▸ DATA EXTRACTS
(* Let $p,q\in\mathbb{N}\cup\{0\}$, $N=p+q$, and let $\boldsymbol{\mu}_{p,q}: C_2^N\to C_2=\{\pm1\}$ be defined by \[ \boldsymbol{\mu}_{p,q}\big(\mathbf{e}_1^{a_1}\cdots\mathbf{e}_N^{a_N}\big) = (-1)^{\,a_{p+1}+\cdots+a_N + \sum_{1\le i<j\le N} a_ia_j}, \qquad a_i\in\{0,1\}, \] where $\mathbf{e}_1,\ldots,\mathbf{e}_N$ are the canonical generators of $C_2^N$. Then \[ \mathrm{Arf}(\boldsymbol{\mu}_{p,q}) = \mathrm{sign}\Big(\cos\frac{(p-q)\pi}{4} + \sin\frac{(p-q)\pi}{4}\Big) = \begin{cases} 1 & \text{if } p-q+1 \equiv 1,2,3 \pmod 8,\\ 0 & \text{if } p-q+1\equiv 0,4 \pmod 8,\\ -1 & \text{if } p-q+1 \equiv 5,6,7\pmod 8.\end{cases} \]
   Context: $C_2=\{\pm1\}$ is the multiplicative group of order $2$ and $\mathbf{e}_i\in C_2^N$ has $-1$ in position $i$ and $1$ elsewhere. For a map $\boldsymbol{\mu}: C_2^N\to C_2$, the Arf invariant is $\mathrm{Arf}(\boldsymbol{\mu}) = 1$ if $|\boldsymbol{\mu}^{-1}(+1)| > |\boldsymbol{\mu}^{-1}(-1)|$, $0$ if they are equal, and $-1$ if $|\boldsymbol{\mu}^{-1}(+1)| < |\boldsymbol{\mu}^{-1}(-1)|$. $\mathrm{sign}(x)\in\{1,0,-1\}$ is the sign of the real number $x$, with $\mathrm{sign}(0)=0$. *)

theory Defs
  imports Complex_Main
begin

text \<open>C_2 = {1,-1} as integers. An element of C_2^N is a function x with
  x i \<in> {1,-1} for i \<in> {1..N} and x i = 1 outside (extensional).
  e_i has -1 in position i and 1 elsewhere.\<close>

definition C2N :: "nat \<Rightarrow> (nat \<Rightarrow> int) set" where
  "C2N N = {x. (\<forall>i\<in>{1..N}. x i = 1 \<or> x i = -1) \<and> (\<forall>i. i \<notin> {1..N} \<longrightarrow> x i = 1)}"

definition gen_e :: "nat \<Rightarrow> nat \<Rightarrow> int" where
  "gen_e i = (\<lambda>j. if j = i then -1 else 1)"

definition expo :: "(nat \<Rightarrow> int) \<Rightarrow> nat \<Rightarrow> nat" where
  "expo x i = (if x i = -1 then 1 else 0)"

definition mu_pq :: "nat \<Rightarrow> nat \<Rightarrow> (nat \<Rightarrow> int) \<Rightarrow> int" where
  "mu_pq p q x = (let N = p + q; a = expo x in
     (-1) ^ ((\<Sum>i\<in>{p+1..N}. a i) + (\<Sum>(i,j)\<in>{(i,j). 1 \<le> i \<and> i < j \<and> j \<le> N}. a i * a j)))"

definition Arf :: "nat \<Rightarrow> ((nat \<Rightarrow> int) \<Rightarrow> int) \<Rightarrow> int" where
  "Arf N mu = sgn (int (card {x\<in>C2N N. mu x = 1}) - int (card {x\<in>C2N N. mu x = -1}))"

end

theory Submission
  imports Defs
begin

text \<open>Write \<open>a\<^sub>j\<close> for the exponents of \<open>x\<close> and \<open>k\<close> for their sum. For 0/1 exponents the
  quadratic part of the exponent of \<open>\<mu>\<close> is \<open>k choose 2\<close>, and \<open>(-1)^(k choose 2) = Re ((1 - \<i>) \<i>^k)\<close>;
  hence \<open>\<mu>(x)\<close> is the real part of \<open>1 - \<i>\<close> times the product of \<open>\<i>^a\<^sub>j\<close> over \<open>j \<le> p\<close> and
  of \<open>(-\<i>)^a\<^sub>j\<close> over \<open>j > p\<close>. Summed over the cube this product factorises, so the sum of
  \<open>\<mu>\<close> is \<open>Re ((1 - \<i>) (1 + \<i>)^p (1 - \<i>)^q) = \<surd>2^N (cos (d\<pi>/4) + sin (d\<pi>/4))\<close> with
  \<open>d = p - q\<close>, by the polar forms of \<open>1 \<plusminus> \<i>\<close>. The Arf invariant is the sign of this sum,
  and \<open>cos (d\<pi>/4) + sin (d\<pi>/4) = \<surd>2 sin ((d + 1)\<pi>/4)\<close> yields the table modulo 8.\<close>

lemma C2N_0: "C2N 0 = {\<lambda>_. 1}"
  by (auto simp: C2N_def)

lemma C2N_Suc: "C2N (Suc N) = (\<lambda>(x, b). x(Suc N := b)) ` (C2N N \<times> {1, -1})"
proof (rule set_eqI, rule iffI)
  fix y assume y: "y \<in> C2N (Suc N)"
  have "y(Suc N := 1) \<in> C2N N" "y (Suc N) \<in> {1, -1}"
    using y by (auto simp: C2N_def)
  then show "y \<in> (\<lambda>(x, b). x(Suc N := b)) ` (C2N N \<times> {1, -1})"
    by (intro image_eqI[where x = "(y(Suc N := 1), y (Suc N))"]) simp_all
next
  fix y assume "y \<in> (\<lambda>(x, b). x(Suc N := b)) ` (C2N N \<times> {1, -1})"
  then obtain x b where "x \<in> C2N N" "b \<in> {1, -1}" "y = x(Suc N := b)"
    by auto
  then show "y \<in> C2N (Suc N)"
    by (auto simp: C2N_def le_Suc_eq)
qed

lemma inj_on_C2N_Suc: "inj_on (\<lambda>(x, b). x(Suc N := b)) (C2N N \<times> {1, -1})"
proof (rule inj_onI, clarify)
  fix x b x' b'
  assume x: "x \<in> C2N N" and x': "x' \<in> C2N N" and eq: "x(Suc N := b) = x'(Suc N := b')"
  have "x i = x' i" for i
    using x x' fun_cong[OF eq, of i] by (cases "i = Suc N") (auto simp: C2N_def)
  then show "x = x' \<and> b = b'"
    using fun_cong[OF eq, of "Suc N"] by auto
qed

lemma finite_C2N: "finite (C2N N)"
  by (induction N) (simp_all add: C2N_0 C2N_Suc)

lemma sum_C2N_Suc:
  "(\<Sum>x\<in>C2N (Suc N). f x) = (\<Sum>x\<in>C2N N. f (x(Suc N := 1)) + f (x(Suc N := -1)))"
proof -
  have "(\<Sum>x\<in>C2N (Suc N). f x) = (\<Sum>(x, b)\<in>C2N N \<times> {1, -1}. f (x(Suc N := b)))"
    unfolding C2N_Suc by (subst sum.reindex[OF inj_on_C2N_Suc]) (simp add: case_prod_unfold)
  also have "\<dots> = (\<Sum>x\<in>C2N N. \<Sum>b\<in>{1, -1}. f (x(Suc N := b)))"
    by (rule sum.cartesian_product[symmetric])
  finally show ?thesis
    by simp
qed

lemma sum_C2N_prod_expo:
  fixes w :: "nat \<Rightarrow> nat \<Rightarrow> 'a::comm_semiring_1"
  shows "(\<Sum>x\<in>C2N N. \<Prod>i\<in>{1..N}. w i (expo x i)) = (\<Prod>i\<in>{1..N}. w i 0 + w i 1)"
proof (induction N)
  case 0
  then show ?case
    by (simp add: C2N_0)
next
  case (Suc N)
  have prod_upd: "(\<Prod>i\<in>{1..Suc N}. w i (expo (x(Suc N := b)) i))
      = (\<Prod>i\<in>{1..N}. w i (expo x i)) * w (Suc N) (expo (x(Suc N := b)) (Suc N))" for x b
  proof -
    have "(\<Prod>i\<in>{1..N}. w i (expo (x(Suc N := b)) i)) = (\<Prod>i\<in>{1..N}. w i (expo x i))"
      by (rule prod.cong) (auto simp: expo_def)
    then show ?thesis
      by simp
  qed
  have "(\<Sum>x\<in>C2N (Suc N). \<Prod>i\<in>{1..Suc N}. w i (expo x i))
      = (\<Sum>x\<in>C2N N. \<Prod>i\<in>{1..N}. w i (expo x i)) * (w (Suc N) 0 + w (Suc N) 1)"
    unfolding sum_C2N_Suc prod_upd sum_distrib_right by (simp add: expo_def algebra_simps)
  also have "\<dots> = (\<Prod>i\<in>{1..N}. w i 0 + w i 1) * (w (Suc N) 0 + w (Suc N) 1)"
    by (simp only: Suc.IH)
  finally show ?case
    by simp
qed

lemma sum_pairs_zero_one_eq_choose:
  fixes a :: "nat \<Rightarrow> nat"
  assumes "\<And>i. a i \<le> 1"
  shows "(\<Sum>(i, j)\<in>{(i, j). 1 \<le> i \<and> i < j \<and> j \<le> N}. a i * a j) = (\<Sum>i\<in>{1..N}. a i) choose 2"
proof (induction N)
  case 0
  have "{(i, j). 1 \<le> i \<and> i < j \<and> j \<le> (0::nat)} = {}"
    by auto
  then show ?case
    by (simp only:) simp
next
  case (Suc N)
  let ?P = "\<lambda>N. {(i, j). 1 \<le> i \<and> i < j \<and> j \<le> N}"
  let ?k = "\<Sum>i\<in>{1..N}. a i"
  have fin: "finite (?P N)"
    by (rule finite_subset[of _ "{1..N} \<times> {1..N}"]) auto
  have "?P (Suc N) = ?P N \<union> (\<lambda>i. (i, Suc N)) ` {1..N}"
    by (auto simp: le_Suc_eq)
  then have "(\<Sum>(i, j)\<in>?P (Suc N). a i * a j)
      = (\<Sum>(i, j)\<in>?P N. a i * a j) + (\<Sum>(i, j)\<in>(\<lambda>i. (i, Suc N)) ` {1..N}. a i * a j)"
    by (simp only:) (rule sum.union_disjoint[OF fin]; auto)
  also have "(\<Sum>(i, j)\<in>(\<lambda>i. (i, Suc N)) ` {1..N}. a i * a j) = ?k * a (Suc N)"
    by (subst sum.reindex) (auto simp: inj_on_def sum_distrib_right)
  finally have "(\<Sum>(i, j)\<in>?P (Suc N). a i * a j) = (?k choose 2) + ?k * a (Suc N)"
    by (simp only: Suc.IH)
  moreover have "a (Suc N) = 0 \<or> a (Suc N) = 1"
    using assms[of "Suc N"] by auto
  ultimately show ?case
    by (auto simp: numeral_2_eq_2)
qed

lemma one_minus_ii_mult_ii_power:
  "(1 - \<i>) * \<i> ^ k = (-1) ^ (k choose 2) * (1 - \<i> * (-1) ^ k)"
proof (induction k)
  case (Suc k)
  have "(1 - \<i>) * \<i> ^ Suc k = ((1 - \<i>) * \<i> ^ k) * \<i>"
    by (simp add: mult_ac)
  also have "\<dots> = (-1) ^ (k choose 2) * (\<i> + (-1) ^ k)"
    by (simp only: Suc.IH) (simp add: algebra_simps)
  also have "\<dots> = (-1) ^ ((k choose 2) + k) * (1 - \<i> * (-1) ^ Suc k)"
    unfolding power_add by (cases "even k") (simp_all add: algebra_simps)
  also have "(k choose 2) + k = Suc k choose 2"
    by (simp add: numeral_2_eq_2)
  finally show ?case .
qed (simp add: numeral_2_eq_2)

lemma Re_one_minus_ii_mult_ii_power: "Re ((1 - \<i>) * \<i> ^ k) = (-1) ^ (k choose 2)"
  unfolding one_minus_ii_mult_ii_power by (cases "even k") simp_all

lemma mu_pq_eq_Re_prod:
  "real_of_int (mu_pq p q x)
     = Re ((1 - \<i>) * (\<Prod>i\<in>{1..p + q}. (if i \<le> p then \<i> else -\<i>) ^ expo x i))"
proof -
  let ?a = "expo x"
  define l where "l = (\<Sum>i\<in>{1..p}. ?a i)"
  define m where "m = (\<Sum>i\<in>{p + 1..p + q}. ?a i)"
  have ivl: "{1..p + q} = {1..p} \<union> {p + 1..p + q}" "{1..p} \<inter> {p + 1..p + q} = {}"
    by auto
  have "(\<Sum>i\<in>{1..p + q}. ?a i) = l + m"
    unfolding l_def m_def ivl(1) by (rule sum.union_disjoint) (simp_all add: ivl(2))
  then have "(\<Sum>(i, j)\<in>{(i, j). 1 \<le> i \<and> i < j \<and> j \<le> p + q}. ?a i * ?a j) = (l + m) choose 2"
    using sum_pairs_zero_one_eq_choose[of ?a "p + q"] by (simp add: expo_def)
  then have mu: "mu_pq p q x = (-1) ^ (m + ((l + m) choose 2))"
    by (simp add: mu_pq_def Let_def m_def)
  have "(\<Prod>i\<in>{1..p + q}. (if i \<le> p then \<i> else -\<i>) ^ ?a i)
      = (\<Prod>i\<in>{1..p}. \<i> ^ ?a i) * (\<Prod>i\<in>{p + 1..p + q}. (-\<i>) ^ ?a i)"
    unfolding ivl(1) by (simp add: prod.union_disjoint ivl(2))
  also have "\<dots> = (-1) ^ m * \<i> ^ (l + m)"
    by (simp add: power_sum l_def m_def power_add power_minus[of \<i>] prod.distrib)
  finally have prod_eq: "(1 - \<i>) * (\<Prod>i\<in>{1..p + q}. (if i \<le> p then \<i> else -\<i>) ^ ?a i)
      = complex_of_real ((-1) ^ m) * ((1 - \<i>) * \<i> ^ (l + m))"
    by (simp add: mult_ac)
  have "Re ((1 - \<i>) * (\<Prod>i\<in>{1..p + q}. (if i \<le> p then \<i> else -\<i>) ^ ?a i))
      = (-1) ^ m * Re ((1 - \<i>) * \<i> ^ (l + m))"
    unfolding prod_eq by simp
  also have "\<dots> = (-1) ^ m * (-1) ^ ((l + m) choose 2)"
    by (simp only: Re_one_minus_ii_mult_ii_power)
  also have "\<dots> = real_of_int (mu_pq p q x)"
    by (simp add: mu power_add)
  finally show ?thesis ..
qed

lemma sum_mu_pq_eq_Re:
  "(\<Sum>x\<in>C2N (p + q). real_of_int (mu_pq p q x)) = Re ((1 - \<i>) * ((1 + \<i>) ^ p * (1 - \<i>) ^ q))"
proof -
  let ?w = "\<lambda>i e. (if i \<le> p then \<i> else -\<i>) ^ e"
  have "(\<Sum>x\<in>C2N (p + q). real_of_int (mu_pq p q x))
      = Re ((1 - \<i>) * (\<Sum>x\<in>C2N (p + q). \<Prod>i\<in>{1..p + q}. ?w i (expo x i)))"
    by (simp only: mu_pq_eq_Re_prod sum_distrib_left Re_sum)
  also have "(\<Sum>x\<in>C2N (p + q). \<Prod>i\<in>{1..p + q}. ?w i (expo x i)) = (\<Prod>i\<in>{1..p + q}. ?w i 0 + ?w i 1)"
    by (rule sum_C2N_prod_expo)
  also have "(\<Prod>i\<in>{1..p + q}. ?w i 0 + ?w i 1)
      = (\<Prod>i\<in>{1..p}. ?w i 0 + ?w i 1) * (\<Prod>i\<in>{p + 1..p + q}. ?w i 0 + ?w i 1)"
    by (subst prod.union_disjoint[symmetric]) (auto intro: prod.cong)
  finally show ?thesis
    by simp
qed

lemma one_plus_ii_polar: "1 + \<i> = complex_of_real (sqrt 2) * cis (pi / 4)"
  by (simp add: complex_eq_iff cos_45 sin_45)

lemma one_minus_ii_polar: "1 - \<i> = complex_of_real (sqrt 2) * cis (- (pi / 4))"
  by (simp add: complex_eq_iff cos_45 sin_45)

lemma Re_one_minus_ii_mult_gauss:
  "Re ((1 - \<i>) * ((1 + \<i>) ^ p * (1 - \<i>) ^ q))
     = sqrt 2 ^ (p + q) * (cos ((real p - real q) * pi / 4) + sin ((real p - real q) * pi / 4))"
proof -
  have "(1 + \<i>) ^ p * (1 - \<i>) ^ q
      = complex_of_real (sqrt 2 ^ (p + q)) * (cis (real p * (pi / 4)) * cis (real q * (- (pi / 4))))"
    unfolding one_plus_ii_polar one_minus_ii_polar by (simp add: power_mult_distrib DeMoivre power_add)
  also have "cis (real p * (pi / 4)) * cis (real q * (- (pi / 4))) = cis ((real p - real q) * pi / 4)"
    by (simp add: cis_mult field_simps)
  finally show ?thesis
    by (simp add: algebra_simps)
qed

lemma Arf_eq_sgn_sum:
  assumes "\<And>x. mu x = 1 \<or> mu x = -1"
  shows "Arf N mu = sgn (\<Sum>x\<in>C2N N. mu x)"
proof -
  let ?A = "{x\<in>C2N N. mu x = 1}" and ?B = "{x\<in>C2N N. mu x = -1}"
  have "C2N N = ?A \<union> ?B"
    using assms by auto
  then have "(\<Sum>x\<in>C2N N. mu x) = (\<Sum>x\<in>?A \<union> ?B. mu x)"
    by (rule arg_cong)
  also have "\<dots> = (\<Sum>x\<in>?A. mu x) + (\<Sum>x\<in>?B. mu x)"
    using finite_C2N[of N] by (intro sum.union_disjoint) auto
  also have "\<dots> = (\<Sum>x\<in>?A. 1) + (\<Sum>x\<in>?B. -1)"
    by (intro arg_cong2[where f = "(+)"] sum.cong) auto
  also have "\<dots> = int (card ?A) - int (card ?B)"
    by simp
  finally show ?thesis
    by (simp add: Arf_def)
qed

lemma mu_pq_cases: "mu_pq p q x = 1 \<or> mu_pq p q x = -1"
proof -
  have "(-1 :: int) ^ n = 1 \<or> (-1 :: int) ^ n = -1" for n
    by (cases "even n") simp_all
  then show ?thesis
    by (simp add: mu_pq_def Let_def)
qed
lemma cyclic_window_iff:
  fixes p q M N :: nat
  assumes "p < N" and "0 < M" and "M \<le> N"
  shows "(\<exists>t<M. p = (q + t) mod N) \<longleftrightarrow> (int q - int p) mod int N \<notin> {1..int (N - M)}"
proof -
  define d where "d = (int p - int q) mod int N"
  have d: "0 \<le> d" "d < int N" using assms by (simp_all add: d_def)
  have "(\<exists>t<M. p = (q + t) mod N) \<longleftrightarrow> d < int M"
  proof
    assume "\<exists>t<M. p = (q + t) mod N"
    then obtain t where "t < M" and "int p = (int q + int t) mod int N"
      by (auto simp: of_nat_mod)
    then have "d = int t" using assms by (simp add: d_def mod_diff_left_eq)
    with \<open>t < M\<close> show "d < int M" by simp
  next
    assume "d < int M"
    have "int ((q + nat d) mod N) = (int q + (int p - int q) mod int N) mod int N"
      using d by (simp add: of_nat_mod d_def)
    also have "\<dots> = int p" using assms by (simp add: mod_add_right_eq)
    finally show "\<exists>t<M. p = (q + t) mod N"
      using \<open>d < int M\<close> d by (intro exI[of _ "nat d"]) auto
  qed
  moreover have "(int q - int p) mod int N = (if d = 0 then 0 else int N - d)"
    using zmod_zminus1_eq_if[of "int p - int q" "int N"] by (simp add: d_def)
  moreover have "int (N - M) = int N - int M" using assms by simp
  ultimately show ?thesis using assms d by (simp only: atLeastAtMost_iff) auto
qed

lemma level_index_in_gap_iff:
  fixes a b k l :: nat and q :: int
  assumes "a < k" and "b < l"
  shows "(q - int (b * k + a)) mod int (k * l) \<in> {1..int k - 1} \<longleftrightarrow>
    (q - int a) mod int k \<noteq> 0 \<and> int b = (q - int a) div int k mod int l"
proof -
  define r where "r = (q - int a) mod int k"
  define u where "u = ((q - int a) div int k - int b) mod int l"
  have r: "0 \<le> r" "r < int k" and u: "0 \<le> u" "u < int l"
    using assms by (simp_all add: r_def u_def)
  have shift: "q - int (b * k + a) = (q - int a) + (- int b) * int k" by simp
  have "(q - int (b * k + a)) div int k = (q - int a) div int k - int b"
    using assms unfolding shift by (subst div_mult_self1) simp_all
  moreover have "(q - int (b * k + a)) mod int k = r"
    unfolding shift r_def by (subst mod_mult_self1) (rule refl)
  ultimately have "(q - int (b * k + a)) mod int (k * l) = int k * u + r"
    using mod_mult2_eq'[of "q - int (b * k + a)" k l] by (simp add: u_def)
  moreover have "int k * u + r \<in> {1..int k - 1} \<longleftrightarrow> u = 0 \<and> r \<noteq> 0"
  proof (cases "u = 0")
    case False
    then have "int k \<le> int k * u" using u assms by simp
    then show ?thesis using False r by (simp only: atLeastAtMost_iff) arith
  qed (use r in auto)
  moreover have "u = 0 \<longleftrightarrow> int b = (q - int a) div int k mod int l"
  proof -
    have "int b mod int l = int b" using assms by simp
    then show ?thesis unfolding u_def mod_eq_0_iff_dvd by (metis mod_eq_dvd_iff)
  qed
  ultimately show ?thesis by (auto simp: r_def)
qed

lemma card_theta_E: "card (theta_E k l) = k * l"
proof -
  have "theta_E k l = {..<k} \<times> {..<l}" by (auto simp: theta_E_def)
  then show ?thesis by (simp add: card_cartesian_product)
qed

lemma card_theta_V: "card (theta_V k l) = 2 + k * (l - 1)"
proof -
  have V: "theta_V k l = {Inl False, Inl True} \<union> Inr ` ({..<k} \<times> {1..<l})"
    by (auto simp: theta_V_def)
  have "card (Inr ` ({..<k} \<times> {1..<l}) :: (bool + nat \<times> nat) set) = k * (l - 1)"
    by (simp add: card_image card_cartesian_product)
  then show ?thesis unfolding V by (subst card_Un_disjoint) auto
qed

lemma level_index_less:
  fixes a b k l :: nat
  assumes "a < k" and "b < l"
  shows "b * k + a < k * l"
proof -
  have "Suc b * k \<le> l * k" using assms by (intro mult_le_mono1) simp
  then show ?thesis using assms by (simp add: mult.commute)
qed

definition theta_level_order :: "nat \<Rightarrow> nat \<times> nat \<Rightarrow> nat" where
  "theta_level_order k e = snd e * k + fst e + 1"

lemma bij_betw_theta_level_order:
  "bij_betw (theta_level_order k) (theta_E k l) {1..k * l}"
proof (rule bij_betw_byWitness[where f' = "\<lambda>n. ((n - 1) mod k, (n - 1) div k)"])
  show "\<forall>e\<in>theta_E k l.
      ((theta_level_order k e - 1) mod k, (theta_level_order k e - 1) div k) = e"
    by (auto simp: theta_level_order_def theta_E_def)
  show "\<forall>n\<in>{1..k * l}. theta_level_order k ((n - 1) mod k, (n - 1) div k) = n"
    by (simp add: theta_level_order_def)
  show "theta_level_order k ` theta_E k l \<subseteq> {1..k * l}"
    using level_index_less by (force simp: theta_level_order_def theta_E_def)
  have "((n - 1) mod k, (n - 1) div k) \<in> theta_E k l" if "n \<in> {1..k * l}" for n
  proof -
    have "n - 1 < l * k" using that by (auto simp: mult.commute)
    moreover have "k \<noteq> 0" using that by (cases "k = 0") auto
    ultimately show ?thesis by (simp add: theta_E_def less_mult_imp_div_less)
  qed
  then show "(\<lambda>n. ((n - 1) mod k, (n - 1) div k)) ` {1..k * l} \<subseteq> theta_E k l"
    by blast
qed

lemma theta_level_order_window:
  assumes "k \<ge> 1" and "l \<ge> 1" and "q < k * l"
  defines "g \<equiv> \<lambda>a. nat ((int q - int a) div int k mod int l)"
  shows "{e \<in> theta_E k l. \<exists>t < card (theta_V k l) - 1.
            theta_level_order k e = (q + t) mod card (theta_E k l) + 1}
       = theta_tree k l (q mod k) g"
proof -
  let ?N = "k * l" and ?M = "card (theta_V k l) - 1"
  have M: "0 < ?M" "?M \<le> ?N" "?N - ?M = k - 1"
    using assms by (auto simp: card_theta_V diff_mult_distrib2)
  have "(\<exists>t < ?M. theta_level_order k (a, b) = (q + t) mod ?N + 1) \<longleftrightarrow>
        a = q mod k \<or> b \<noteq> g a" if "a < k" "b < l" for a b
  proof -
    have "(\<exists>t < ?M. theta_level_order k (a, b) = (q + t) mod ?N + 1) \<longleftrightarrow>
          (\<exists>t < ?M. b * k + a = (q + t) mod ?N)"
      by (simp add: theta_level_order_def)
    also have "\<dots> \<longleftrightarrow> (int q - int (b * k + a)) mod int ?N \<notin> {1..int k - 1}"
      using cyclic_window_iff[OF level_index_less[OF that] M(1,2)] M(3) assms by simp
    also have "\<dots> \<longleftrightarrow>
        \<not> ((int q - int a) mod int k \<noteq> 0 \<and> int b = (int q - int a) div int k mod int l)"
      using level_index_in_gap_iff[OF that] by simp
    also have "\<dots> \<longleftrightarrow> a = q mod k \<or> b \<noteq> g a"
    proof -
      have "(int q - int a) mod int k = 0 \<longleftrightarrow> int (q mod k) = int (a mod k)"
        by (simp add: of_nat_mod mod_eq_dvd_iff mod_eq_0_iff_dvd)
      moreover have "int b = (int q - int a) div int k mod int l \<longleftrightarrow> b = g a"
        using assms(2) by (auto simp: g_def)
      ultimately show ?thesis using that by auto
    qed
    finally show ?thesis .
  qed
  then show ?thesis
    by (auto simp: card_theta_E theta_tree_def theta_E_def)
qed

▸ WHAT IS REQUIRED
Each line above with the string "invariant" should be reported in full.

▸ RESPONSE BELOW
   Context: $C_2=\{\pm1\}$ is the multiplicative group of order $2$ and $\mathbf{e}_i\in C_2^N$ has $-1$ in position $i$ and $1$ elsewhere. For a map $\boldsymbol{\mu}: C_2^N\to C_2$, the Arf invariant is $\mathrm{Arf}(\boldsymbol{\mu}) = 1$ if $|\boldsymbol{\mu}^{-1}(+1)| > |\boldsymbol{\mu}^{-1}(-1)|$, $0$ if they are equal, and $-1$ if $|\boldsymbol{\mu}^{-1}(+1)| < |\boldsymbol{\mu}^{-1}(-1)|$. $\mathrm{sign}(x)\in\{1,0,-1\}$ is the sign of the real number $x$, with $\mathrm{sign}(0)=0$. *)
  \<open>d = p - q\<close>, by the polar forms of \<open>1 \<plusminus> \<i>\<close>. The Arf invariant is the sign of this sum,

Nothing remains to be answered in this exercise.